*** Dataset records Section Begins ***

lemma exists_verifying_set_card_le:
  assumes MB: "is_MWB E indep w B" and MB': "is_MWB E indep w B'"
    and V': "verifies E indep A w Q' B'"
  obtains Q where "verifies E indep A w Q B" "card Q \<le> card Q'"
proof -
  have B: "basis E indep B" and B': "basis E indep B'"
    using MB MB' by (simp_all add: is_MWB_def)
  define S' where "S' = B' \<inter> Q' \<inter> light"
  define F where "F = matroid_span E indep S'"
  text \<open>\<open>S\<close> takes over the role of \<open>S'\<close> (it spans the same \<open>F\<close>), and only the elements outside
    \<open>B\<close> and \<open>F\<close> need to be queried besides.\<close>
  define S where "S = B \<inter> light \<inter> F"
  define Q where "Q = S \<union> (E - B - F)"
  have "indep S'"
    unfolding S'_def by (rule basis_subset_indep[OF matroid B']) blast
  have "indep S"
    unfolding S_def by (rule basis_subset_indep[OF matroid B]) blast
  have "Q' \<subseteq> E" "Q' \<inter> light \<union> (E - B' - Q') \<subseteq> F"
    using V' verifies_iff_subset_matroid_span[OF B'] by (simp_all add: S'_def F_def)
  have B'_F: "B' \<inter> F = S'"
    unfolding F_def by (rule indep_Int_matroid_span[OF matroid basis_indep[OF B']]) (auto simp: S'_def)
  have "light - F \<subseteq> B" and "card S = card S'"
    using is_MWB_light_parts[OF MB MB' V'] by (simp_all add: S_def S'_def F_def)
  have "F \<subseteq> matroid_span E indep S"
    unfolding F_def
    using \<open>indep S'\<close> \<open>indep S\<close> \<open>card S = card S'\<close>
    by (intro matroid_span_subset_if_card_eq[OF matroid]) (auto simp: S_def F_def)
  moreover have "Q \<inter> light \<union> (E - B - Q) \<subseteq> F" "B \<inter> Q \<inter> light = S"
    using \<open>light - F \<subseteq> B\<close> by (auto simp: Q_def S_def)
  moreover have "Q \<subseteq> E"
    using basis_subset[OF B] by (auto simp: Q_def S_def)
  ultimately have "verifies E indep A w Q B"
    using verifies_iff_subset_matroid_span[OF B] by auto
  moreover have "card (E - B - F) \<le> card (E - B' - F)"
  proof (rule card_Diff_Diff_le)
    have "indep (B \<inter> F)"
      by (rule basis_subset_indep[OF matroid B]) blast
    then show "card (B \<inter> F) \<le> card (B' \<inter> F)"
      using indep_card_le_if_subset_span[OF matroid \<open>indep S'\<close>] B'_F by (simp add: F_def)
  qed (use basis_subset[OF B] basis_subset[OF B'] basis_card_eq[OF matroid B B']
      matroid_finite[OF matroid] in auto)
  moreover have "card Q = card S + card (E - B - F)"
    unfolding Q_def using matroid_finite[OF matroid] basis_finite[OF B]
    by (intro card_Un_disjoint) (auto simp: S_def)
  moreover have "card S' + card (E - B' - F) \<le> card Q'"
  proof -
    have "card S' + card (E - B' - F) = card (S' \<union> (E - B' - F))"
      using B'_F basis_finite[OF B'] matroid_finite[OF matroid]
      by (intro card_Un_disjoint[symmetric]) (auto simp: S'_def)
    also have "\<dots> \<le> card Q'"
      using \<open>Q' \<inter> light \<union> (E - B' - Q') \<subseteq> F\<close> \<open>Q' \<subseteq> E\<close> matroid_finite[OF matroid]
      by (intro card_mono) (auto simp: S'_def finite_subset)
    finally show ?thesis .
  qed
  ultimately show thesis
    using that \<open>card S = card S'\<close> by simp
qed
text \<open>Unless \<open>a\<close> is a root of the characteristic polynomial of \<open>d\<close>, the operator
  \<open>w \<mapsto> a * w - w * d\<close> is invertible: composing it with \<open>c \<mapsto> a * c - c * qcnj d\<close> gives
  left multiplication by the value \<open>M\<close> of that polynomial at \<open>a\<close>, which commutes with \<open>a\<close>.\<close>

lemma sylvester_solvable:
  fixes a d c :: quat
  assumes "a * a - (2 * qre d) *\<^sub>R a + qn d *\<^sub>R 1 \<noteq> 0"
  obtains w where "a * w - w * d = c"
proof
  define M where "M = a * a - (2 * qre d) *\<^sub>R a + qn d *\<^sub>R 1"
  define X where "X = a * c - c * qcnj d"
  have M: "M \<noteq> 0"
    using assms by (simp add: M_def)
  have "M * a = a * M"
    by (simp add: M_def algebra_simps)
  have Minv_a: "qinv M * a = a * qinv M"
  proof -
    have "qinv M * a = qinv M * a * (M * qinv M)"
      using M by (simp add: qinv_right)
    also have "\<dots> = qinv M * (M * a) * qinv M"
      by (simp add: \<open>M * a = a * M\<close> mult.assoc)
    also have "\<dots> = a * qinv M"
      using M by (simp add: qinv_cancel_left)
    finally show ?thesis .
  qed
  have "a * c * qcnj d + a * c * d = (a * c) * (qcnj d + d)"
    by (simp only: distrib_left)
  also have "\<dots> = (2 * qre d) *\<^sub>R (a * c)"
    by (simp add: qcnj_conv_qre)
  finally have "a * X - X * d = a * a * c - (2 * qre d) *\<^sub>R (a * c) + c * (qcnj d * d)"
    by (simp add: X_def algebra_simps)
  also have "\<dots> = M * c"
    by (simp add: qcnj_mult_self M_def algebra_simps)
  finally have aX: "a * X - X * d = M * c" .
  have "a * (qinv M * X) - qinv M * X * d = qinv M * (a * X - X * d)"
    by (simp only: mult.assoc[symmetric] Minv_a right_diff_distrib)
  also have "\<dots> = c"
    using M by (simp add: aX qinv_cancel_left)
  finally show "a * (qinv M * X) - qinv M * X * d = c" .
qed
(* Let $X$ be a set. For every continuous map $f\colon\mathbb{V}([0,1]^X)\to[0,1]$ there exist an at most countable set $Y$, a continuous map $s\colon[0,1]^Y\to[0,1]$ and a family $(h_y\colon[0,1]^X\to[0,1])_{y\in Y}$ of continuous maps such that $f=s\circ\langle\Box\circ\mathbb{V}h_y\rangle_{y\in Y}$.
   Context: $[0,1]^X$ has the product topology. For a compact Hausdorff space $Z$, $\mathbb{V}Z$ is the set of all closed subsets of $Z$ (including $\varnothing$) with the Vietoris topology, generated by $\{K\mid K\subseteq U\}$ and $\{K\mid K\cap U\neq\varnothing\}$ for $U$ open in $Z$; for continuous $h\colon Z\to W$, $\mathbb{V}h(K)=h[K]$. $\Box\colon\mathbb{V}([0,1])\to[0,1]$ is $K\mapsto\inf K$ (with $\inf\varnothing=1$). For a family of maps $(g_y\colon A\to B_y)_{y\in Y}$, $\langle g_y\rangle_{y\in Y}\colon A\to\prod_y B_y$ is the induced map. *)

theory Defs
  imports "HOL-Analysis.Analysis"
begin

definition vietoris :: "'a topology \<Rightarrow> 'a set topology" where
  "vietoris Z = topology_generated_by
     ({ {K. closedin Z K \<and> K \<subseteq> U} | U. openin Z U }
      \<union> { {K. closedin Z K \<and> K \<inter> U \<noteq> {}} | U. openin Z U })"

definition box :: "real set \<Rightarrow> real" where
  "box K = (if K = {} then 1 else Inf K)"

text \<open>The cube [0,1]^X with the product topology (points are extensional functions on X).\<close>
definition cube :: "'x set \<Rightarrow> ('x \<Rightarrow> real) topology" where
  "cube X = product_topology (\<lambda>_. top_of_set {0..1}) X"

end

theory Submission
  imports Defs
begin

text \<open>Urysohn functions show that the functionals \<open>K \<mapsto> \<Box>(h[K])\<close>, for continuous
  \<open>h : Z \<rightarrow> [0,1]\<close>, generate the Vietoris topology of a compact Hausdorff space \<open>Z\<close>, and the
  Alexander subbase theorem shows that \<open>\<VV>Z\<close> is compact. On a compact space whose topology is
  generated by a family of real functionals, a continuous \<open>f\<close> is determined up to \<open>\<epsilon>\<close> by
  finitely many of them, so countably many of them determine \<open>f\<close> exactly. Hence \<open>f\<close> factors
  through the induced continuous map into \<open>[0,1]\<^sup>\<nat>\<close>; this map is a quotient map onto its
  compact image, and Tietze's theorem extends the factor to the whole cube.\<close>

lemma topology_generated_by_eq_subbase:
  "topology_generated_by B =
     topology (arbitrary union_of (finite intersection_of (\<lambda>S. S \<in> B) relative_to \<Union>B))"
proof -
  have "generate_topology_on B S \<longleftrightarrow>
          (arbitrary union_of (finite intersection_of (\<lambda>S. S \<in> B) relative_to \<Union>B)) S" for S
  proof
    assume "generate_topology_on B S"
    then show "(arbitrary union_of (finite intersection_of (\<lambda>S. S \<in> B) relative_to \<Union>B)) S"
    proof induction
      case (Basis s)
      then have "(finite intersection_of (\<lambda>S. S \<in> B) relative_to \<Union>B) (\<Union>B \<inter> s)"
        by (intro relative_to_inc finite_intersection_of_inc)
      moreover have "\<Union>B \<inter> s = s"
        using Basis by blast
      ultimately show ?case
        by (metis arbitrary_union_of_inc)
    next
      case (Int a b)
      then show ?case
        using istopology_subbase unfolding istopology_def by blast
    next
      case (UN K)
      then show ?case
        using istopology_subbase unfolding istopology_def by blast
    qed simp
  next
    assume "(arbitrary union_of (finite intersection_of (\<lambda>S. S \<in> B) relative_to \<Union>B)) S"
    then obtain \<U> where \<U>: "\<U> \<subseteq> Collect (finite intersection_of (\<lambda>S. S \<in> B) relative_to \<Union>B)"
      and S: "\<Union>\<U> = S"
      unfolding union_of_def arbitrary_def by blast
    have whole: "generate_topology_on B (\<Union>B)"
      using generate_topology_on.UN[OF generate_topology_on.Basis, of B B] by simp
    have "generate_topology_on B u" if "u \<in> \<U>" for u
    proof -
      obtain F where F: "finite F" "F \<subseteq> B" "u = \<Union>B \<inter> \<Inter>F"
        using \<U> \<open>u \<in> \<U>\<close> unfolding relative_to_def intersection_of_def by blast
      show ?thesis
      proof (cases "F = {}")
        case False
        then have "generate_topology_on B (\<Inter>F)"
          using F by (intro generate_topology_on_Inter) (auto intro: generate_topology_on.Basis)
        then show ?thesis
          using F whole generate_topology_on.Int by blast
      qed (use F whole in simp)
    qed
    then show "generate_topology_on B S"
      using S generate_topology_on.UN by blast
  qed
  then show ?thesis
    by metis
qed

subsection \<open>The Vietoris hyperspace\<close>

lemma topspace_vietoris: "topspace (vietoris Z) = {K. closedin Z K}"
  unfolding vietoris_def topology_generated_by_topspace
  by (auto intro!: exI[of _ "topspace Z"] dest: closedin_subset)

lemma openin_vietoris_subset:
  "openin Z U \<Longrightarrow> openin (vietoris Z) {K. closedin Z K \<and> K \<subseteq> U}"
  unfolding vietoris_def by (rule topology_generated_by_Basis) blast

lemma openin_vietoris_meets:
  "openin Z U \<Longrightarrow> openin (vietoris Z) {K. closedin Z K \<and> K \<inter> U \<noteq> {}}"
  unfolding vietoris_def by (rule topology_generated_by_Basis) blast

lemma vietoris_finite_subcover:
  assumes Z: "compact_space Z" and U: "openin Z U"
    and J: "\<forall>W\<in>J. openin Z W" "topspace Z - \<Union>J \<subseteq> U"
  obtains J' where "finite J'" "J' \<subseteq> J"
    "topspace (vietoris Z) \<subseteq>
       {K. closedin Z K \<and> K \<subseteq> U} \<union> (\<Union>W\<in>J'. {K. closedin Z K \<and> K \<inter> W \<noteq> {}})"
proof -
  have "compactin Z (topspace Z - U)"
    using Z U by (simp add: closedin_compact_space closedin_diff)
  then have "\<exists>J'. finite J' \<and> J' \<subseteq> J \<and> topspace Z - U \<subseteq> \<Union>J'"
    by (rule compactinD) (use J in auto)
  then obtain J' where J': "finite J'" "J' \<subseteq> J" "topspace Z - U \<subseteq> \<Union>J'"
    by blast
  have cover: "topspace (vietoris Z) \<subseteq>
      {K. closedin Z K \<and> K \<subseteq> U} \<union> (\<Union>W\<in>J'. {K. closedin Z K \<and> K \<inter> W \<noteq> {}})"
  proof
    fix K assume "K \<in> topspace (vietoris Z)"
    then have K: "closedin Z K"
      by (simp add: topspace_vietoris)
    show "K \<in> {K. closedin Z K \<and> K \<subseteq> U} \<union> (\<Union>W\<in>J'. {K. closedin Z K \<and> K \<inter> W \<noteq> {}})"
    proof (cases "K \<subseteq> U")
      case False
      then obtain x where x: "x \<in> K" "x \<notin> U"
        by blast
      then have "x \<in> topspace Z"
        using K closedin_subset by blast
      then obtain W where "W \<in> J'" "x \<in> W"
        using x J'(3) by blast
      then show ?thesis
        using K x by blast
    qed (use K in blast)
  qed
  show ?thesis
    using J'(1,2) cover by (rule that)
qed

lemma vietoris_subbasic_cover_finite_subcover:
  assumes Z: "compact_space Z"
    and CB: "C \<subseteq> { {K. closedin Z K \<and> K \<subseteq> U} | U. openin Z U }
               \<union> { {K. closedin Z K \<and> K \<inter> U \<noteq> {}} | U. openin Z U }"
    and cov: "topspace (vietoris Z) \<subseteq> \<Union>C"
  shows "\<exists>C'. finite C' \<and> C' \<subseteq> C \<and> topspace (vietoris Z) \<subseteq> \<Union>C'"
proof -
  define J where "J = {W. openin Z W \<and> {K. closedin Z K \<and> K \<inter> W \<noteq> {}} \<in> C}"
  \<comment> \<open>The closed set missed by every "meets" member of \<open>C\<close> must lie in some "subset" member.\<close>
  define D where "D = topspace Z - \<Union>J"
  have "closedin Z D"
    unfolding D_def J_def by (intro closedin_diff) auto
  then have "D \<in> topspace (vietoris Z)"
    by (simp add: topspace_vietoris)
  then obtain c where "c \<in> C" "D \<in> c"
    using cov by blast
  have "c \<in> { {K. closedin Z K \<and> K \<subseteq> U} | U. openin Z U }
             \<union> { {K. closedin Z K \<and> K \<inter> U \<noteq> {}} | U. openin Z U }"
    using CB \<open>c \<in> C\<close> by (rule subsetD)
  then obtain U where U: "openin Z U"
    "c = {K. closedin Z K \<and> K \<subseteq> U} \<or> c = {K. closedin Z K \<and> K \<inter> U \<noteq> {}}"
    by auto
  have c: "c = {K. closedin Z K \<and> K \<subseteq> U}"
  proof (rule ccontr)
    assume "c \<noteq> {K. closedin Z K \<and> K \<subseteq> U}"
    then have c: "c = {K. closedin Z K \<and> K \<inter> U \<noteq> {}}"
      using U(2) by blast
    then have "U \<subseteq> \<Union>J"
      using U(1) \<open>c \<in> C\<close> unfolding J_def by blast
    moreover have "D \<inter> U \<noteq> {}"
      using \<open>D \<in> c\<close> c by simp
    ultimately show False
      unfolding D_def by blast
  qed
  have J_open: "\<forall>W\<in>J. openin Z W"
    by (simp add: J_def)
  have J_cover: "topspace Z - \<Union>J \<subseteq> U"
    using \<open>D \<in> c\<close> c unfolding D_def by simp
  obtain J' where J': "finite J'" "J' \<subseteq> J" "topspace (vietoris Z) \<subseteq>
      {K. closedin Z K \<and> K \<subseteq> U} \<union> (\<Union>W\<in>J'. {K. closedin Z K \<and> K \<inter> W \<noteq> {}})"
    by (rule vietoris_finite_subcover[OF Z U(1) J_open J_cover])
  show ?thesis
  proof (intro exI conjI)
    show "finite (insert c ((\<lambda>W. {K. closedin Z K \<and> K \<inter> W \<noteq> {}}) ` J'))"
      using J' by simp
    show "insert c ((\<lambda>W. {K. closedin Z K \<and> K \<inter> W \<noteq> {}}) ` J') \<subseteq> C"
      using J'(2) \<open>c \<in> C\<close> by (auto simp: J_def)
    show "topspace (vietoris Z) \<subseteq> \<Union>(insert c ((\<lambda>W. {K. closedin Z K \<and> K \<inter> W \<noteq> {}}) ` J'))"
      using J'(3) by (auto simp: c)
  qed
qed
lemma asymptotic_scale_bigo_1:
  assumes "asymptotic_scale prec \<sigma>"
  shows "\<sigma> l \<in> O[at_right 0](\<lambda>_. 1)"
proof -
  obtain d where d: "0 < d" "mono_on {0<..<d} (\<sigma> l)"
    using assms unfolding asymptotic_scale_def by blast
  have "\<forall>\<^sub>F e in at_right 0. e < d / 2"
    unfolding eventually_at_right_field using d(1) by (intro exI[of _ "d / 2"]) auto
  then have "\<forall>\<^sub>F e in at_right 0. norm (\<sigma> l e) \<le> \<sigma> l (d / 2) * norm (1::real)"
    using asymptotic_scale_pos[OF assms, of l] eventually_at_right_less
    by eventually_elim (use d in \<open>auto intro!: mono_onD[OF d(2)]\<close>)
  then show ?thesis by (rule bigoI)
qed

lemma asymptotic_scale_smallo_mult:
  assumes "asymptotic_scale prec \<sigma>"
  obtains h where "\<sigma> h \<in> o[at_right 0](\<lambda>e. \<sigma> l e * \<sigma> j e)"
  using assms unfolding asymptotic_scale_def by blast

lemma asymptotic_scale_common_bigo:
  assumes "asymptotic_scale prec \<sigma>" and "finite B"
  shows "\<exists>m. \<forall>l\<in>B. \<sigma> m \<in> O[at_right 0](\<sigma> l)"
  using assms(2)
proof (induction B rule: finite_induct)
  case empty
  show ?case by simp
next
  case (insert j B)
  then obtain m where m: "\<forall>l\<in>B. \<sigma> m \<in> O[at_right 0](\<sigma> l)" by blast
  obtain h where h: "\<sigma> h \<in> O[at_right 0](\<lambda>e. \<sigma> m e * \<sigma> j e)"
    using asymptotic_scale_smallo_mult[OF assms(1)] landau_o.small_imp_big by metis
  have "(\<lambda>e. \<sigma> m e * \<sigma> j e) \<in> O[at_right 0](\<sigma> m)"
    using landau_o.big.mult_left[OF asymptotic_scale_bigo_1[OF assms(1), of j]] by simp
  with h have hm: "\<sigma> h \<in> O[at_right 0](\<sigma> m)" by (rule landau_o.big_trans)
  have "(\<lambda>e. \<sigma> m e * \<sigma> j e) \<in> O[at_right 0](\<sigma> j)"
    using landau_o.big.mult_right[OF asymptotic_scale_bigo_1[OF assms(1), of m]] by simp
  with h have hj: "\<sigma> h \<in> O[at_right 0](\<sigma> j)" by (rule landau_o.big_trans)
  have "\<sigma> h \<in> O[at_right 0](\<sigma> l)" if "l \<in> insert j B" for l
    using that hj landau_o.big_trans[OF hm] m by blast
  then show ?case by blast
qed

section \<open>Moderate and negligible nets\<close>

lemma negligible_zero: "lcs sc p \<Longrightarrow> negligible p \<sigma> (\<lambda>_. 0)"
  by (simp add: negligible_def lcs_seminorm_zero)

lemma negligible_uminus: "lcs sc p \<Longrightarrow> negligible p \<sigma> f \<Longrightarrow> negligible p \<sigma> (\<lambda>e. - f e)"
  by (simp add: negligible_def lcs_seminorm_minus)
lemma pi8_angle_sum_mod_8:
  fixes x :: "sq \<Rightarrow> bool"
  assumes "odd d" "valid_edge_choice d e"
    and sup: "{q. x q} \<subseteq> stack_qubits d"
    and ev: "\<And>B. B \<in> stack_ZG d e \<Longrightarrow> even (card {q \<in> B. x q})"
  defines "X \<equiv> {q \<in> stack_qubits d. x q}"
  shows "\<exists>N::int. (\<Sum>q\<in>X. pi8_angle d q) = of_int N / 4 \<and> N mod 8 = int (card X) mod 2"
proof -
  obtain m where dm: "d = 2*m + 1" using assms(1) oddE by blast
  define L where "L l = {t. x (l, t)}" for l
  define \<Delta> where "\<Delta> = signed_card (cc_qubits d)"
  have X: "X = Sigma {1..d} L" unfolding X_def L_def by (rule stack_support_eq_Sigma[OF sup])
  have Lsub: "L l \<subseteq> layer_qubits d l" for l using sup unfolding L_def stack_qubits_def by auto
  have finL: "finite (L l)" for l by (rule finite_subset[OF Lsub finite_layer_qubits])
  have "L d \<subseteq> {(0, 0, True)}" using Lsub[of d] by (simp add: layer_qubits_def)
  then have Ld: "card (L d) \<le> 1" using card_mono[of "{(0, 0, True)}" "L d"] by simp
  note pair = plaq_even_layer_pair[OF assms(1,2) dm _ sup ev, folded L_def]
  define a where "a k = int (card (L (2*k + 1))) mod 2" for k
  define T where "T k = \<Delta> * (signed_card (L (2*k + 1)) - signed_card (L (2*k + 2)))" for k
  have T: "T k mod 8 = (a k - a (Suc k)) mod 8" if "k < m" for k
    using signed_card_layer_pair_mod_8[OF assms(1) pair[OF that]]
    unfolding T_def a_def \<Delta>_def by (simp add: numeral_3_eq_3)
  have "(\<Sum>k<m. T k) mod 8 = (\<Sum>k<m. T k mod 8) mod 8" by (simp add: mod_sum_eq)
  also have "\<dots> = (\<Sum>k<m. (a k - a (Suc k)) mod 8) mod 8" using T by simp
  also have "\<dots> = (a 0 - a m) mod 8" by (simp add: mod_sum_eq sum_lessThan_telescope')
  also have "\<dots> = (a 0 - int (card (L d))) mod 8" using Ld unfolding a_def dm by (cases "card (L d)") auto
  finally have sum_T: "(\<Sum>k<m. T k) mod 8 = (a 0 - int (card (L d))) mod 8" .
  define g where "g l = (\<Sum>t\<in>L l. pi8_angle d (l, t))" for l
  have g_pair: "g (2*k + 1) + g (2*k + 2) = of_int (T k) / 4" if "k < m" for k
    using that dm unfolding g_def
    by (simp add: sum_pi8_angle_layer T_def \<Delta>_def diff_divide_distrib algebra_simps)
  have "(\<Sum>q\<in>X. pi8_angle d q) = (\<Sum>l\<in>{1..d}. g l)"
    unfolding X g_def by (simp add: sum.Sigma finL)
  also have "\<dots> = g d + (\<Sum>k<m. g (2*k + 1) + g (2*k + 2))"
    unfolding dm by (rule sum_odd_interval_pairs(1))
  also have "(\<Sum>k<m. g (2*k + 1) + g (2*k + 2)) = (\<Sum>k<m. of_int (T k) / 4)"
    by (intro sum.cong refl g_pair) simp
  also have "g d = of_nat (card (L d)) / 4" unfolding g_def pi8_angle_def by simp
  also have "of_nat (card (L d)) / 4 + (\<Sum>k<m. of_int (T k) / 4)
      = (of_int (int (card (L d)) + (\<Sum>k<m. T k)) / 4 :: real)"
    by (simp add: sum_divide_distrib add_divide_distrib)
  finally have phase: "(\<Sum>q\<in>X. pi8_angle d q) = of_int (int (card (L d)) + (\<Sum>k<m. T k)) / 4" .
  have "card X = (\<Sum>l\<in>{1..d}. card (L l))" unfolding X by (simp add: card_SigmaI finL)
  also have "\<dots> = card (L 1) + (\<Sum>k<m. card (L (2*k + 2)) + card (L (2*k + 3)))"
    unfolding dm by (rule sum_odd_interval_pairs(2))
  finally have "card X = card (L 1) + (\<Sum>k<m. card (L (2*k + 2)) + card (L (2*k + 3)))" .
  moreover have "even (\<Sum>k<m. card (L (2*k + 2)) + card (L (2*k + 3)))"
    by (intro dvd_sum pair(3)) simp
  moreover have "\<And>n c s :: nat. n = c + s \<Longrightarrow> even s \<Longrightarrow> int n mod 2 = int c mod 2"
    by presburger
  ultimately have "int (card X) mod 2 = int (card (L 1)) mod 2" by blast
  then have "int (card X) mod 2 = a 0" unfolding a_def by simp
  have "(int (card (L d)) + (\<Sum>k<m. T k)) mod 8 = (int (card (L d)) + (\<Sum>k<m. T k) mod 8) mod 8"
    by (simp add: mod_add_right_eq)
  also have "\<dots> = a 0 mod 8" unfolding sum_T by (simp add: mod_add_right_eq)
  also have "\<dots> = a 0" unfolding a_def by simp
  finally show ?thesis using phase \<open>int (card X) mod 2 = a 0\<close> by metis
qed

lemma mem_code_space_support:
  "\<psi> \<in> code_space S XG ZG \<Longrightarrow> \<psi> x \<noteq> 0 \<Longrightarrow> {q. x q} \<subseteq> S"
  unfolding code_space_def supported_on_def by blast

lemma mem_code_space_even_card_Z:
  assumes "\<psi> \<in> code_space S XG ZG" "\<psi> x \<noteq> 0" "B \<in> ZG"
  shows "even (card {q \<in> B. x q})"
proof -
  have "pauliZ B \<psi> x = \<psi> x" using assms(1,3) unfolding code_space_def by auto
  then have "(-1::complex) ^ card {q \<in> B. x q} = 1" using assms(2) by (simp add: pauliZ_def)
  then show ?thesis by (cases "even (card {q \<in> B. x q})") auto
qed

*** Dataset records Section Ends ***

**Goal of the exercise**
Retype only the stretch of lines above starting at the one with "- Q) \<subseteq>" and stopping at the one with "using basis_subset[OF B]", exactly as written, with both kept.

**Exercise response**
  moreover have "Q \<inter> light \<union> (E - B - Q) \<subseteq> F" "B \<inter> Q \<inter> light = S"
    using \<open>light - F \<subseteq> B\<close> by (auto simp: Q_def S_def)
  moreover have "Q \<subseteq> E"
    using basis_subset[OF B] by (auto simp: Q_def S_def)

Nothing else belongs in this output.